Below are several records. Retype exactly those lines running from the one with "chi \<le> D / 2" through the one with "round_def by simp", end lines included, and no others.

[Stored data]
--

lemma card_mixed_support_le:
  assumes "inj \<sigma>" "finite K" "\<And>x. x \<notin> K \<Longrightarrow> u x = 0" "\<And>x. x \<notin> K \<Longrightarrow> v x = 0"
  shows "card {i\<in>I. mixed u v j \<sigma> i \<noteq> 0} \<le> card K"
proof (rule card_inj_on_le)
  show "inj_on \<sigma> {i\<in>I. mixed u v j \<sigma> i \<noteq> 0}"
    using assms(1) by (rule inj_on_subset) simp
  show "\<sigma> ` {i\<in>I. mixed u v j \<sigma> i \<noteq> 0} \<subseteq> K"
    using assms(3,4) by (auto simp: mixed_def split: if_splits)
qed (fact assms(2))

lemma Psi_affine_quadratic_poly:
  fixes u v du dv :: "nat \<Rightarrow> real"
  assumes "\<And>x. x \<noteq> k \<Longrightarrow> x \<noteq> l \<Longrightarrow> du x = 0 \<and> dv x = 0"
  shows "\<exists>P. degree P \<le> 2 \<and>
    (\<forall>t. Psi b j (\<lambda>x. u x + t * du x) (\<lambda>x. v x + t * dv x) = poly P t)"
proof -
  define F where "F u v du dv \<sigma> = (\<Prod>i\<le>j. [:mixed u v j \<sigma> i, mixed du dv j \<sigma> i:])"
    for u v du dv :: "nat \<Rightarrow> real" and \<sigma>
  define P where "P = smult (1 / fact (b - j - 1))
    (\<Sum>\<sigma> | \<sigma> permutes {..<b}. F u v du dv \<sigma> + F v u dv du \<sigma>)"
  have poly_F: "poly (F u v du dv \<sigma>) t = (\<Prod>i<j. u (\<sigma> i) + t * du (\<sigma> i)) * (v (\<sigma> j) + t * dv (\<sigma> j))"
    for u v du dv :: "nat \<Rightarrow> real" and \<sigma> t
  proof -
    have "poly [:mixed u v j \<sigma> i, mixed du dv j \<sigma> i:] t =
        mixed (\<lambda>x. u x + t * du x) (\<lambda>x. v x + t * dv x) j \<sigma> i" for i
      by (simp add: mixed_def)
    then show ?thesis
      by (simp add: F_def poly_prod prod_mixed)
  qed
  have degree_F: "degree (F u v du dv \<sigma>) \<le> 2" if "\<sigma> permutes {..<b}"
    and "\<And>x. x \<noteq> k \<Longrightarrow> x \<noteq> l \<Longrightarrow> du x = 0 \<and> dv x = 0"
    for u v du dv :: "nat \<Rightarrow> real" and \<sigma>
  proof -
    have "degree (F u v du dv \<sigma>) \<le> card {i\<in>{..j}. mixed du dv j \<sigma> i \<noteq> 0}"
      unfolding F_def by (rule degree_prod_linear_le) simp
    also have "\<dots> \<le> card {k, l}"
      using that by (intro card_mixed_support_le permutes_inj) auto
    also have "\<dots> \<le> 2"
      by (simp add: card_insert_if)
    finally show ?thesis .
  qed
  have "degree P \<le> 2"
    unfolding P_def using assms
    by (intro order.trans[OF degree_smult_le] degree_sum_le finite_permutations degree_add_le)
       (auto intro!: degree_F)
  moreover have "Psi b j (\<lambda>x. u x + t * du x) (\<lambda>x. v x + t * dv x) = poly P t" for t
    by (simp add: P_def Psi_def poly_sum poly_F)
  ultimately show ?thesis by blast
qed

--

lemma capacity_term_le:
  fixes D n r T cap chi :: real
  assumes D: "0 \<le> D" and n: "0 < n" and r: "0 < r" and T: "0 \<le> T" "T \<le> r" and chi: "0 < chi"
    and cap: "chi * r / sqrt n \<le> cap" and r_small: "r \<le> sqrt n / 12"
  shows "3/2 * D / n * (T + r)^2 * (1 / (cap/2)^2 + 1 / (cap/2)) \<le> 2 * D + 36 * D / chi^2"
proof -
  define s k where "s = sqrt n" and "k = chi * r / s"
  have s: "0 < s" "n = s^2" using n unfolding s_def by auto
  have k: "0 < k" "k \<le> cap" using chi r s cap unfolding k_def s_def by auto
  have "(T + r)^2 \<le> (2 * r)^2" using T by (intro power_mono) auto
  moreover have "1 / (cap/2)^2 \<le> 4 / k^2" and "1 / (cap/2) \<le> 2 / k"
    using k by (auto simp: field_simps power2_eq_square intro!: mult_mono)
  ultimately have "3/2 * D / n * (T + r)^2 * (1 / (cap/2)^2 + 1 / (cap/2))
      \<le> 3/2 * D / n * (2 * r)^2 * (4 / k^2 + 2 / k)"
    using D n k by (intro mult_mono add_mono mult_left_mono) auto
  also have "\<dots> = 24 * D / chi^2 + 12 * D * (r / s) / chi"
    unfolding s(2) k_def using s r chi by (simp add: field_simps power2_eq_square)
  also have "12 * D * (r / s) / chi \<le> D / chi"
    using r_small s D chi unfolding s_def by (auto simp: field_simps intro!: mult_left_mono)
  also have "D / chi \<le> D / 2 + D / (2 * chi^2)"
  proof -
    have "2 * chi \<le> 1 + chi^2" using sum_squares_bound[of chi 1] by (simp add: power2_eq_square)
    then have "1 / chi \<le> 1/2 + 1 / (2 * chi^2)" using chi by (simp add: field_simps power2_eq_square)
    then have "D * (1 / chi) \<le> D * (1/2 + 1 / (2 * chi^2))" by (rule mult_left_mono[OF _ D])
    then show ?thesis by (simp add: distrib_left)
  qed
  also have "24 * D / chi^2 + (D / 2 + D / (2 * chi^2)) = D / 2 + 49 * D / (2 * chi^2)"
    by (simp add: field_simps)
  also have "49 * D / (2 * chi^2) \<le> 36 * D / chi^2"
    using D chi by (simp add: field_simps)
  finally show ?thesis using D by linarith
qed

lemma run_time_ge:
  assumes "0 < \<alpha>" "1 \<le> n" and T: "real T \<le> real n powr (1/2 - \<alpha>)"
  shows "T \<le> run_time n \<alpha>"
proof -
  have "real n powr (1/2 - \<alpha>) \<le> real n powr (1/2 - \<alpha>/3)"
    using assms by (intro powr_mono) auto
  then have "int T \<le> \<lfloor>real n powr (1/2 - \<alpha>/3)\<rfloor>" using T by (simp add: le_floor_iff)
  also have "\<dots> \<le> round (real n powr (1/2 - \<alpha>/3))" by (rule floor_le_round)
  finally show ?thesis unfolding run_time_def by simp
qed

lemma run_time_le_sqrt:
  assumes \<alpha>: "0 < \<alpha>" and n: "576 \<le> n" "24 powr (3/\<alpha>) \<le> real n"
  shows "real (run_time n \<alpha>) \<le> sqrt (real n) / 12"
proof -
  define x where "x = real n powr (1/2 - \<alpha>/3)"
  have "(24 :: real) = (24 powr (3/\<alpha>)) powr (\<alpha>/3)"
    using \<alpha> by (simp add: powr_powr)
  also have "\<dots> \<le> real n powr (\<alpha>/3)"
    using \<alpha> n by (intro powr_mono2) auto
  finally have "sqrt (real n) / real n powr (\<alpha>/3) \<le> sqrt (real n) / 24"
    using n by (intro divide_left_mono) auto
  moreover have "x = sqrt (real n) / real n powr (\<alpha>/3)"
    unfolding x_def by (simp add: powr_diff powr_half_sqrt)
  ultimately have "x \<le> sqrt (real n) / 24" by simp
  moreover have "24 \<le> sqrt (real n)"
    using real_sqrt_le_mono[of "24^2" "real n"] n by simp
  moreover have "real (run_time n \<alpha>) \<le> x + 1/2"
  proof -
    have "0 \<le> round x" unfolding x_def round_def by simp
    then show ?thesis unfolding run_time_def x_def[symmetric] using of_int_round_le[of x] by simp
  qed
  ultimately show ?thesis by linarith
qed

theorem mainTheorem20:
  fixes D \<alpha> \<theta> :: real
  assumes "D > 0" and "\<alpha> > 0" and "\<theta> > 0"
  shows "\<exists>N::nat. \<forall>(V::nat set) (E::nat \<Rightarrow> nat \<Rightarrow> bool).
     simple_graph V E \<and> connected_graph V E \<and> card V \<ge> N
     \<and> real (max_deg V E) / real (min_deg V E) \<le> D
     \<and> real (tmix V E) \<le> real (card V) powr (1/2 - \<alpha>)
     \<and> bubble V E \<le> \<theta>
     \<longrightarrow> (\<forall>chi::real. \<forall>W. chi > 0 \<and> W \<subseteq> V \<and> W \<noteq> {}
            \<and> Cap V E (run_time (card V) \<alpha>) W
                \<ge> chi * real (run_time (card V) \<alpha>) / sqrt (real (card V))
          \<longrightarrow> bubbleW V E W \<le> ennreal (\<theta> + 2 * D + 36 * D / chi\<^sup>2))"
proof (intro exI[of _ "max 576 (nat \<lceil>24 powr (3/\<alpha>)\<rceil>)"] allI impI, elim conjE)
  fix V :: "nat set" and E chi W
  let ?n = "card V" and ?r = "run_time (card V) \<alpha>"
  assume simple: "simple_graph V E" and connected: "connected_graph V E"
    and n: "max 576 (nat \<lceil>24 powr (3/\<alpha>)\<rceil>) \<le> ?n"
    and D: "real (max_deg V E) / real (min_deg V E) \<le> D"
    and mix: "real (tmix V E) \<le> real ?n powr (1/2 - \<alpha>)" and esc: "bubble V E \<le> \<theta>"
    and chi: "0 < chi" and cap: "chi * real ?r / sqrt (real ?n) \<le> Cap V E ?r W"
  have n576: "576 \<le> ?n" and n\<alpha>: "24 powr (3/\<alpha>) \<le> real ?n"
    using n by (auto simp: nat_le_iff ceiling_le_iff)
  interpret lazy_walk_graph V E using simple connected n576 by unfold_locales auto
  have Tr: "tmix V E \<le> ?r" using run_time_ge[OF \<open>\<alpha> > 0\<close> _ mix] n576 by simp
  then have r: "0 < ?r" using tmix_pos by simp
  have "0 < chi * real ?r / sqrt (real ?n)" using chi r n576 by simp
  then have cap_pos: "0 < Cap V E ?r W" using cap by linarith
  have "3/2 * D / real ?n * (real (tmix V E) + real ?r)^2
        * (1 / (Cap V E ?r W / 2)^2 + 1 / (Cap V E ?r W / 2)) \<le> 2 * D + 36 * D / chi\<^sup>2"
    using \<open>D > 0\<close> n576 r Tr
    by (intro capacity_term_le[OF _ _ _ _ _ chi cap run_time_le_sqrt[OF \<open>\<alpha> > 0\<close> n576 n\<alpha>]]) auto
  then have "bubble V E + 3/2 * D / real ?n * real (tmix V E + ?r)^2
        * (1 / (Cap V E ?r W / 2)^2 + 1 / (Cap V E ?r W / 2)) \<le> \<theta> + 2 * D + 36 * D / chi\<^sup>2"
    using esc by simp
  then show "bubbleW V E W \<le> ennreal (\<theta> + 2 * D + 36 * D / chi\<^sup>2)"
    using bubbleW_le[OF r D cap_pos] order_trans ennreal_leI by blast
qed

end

--

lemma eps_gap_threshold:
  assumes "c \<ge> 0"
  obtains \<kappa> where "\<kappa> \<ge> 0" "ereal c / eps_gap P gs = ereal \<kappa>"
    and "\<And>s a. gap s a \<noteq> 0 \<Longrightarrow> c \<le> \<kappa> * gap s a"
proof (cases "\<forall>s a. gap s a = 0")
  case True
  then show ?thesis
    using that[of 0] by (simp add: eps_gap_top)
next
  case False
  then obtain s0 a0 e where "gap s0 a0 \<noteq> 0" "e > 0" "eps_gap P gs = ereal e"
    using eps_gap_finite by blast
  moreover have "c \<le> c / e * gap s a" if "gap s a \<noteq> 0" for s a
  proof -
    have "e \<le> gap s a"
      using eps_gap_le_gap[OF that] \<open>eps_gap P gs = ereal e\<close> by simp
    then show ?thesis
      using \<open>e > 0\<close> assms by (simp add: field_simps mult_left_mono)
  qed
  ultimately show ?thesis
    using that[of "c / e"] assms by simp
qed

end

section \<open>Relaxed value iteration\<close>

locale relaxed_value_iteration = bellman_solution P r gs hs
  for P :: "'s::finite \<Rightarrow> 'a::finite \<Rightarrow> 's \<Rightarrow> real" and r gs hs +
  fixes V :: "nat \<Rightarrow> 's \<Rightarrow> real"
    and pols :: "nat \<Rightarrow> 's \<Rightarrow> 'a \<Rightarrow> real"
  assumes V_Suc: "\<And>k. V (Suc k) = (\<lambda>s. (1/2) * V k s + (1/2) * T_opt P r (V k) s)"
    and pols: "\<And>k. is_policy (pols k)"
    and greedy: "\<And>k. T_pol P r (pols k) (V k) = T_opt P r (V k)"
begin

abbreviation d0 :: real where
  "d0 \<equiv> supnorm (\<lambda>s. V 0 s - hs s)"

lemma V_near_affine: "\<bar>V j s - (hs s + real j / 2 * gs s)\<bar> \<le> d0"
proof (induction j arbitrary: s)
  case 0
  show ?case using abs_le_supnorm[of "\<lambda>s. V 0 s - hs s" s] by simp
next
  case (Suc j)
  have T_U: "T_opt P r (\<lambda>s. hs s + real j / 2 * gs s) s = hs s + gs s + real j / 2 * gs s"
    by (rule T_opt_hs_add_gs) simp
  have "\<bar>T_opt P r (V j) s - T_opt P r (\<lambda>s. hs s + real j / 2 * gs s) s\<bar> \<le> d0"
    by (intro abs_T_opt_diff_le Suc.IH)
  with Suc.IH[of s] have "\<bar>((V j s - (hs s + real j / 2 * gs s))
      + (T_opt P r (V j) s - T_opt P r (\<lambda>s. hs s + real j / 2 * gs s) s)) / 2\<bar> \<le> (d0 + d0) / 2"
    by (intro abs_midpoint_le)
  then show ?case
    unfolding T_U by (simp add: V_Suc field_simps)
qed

--

Exercise response –
  also have "D / chi \<le> D / 2 + D / (2 * chi^2)"
  proof -
    have "2 * chi \<le> 1 + chi^2" using sum_squares_bound[of chi 1] by (simp add: power2_eq_square)
    then have "1 / chi \<le> 1/2 + 1 / (2 * chi^2)" using chi by (simp add: field_simps power2_eq_square)
    then have "D * (1 / chi) \<le> D * (1/2 + 1 / (2 * chi^2))" by (rule mult_left_mono[OF _ D])
    then show ?thesis by (simp add: distrib_left)
  qed
  also have "24 * D / chi^2 + (D / 2 + D / (2 * chi^2)) = D / 2 + 49 * D / (2 * chi^2)"
    by (simp add: field_simps)
  also have "49 * D / (2 * chi^2) \<le> 36 * D / chi^2"
    using D chi by (simp add: field_simps)
  finally show ?thesis using D by linarith
qed

lemma run_time_ge:
  assumes "0 < \<alpha>" "1 \<le> n" and T: "real T \<le> real n powr (1/2 - \<alpha>)"
  shows "T \<le> run_time n \<alpha>"
proof -
  have "real n powr (1/2 - \<alpha>) \<le> real n powr (1/2 - \<alpha>/3)"
    using assms by (intro powr_mono) auto
  then have "int T \<le> \<lfloor>real n powr (1/2 - \<alpha>/3)\<rfloor>" using T by (simp add: le_floor_iff)
  also have "\<dots> \<le> round (real n powr (1/2 - \<alpha>/3))" by (rule floor_le_round)
  finally show ?thesis unfolding run_time_def by simp
qed

lemma run_time_le_sqrt:
  assumes \<alpha>: "0 < \<alpha>" and n: "576 \<le> n" "24 powr (3/\<alpha>) \<le> real n"
  shows "real (run_time n \<alpha>) \<le> sqrt (real n) / 12"
proof -
  define x where "x = real n powr (1/2 - \<alpha>/3)"
  have "(24 :: real) = (24 powr (3/\<alpha>)) powr (\<alpha>/3)"
    using \<alpha> by (simp add: powr_powr)
  also have "\<dots> \<le> real n powr (\<alpha>/3)"
    using \<alpha> n by (intro powr_mono2) auto
  finally have "sqrt (real n) / real n powr (\<alpha>/3) \<le> sqrt (real n) / 24"
    using n by (intro divide_left_mono) auto
  moreover have "x = sqrt (real n) / real n powr (\<alpha>/3)"
    unfolding x_def by (simp add: powr_diff powr_half_sqrt)
  ultimately have "x \<le> sqrt (real n) / 24" by simp
  moreover have "24 \<le> sqrt (real n)"
    using real_sqrt_le_mono[of "24^2" "real n"] n by simp
  moreover have "real (run_time n \<alpha>) \<le> x + 1/2"
  proof -
    have "0 \<le> round x" unfolding x_def round_def by simp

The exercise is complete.